In the fall of 2008, as the US financial system teetered on the precipice of collapse, the Bush administration announced it would inject $250 billion directly into the banking system.

Called the Troubled Asset Relief Program (TARP), the program quickly swelled to $700 billion, with Uncle Sam owning large chunks of many of the major US financial institutions, the auto industry, and AIG (a giant insurance company).

TARP was instantly unpopular, the butt of jokes on late-night television and reviled by both political parties as a bailout for fat-cat Wall Street executives.
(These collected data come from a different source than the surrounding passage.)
lemma has_real_derivative_along_line:
  fixes g :: "complex \<Rightarrow> real"
  assumes "(g has_derivative D) (at (z + of_real t * e))"
  shows "((\<lambda>s. g (z + of_real s * e)) has_real_derivative D e) (at t)"
proof -
  have "((\<lambda>s. z + of_real s * e) has_derivative (\<lambda>s. of_real s * e)) (at t)"
    by (auto intro!: derivative_eq_intros)
  from has_derivative_compose[OF this assms]
  have "((\<lambda>s. g (z + of_real s * e)) has_derivative (\<lambda>s. D (of_real s * e))) (at t)"
    by (simp add: o_def)
  moreover have "D (of_real s * e) = s * D e" for s
    using has_derivative_linear[OF assms]
    by (simp add: scaleR_conv_of_real[symmetric] linear_scale)
  ultimately show ?thesis
    by (simp add: has_field_derivative_def mult.commute[of _ "D e"])
qed

lemma dir_deriv_eq: "(g has_derivative D) (at z) \<Longrightarrow> dir_deriv e g z = D e"
  using has_real_derivative_along_line[of g D z 0 e] by (simp add: dir_deriv_def DERIV_imp_deriv)

lemma px_eq: "(g has_derivative D) (at z) \<Longrightarrow> px g z = D 1"
  and py_eq: "(g has_derivative D) (at z) \<Longrightarrow> py g z = D \<i>"
  by (simp_all add: px_dir_deriv py_dir_deriv dir_deriv_eq)
text \<open>Under weak convergence of P t to Q, integrals of a uniformly bounded, equi-Lipschitz
  family F t converging pointwise to G converge to the integral of G: the cutoff controls
  the tails uniformly in t and on the remaining ball the convergence is uniform.\<close>
lemma weak_conv_integral_equi_lipschitz:
  fixes F :: "real \<Rightarrow> 'a::euclidean_space \<Rightarrow> real"
  assumes P: "\<And>t. 0 \<le> t \<Longrightarrow> prob_on X (P t)" and Q: "prob_on X Q"
    and wc: "weak_conv_at_top X P Q"
    and F: "\<And>t. 0 \<le> t \<Longrightarrow> bounded_lipschitz L B (F t)" and G: "bounded_lipschitz L B G"
    and lim: "\<And>y. ((\<lambda>t. F t y) \<longlongrightarrow> G y) at_top"
  shows "((\<lambda>t. \<integral>y. F t y \<partial>P t) \<longlongrightarrow> (\<integral>y. G y \<partial>Q)) at_top"
proof -
  note QD = prob_onD[OF Q]
  have L: "0 \<le> L" using bounded_lipschitzD(1)[OF G] .
  have "((\<lambda>t. (\<integral>y. F t y \<partial>P t) - (\<integral>y. G y \<partial>P t)) \<longlongrightarrow> 0) at_top"
  proof (rule tendstoI)
    fix e :: real assume e: "0 < e"
    define B' where "B' = \<bar>B\<bar> + 1"
    have B': "0 < B'" "B \<le> B'" unfolding B'_def by auto
    obtain R where R: "(\<integral>y. cutoff R y \<partial>Q) < e / (8 * B')"
      using cutoff_integral_small[OF QD(1,2)] e B' by (metis divide_pos_pos mult_pos_pos zero_less_numeral)
    have tail: "eventually (\<lambda>t. (\<integral>y. cutoff R y \<partial>P t) < e / (8 * B')) at_top"
      using weak_conv_at_topD[OF wc cutoff_continuous cutoff_bounds(2)] R by (rule order_tendstoD)
    have "eventually (\<lambda>t. \<forall>y y'. \<bar>F t y - F t y'\<bar> \<le> L * dist y y') at_top"
      using eventually_ge_at_top[of 0] by eventually_elim (use F bounded_lipschitzD(2) in blast)
    then have unif: "eventually (\<lambda>t. \<forall>y\<in>cball 0 (R + 1). \<bar>F t y - G y\<bar> < e / 2) at_top"
      using e L bounded_lipschitzD(2)[OF G] lim
      by (intro equi_lipschitz_uniform_on_compact) auto
    show "eventually (\<lambda>t. dist ((\<integral>y. F t y \<partial>P t) - (\<integral>y. G y \<partial>P t)) 0 < e) at_top"
      using tail unif eventually_ge_at_top[of 0]
    proof eventually_elim
      case (elim t)
      note PD = prob_onD[OF P[OF elim(3)]]
      interpret prob_space "P t" by (rule PD(1))
      have pointwise: "\<bar>F t y - G y\<bar> \<le> e / 2 + 2 * B' * cutoff R y" for y
      proof (cases "norm y \<le> R + 1")
        case True
        then have "\<bar>F t y - G y\<bar> < e / 2" using elim(2) by simp
        moreover have "0 \<le> 2 * B' * cutoff R y" using B' cutoff_bounds(1)[of R y] by simp
        ultimately show ?thesis by linarith
      next
        case False
        then show ?thesis
          using cutoff_far[of R y] bounded_lipschitzD(3)[OF F[OF elim(3)], of y]
            bounded_lipschitzD(3)[OF G, of y] B' e by auto
      qed
      have int_F: "integrable (P t) (F t)" and int_G: "integrable (P t) G"
        using PD F[OF elim(3)] G bounded_lipschitzD(3)
        by (auto intro!: prob_integrable_bounded bounded_lipschitz_measurable)
      have int_cut: "integrable (P t) (cutoff R)"
        using PD(1) continuous_measurable_sets_borel[OF PD(2) cutoff_continuous] cutoff_bounds(2)
        by (rule prob_integrable_bounded)
      have "\<bar>(\<integral>y. F t y \<partial>P t) - (\<integral>y. G y \<partial>P t)\<bar> = \<bar>\<integral>y. F t y - G y \<partial>P t\<bar>"
        using int_F int_G by simp
      also have "\<dots> \<le> (\<integral>y. \<bar>F t y - G y\<bar> \<partial>P t)" by (rule integral_abs_bound)
      also have "\<dots> \<le> (\<integral>y. e / 2 + 2 * B' * cutoff R y \<partial>P t)"
        using int_F int_G int_cut pointwise by (intro integral_mono) auto
      also have "\<dots> = e / 2 + 2 * B' * (\<integral>y. cutoff R y \<partial>P t)"
        using int_cut by (simp add: prob_space)
      also have "\<dots> < e / 2 + 2 * B' * (e / (8 * B'))"
        using mult_strict_left_mono[OF elim(1), of "2 * B'"] B' by simp
      also have "\<dots> < e" using B' e by (simp add: field_simps)
      finally show ?case by (simp add: dist_real_def)
    qed
  qed
  from tendsto_add[OF this weak_conv_at_topD[OF wc bounded_lipschitz_continuous[OF G]
        bounded_lipschitzD(3)[OF G]]]
  show ?thesis by simp
qed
There were predictions of huge losses, which would come out of the pockets of taxpayers.

That is not how it has actually turned out.

In a report at the end of November, the Congressional Budget Office estimated the losses to the taxpayer will be $25 billion, mostly from investments in the auto sector and AIG.

"TARP was probably one of the most successful financial crisis cushioning programs ever executed," says Brian Bethune, chief financial economist at IHS Global Insight in Lexington, Mass. "It is astounding the costs came down that low."

Some of the banks, such as Goldman Sachs and Bank of America, quickly paid back the loans with interest. In an October opinion article in the Washington Post, Treasury Secretary Timothy Geithner said Uncle Sam had received $200 billion, plus a profit of $28 billion. Since then, billions more have piled in, the government has reduced its stake in General Motors to 33 percent, and AIG has announced a plan to pay back all the money it borrowed.

Even some of the fiscal hawks now see TARP as a successful effort. Retiring Sen. Judd Gregg (R) of New Hampshire, interviewed on MSNBC, called the program "the most significant thing that's happened in the last five to 10 years." He added, "I think the program worked the way it was supposed [to]."

The TARP program does not include the mortgage giants Fannie Mae and Freddie Mac. Mr. Geithner has estimated their losses as less than 1 percent of gross domestic product, or $150 billion.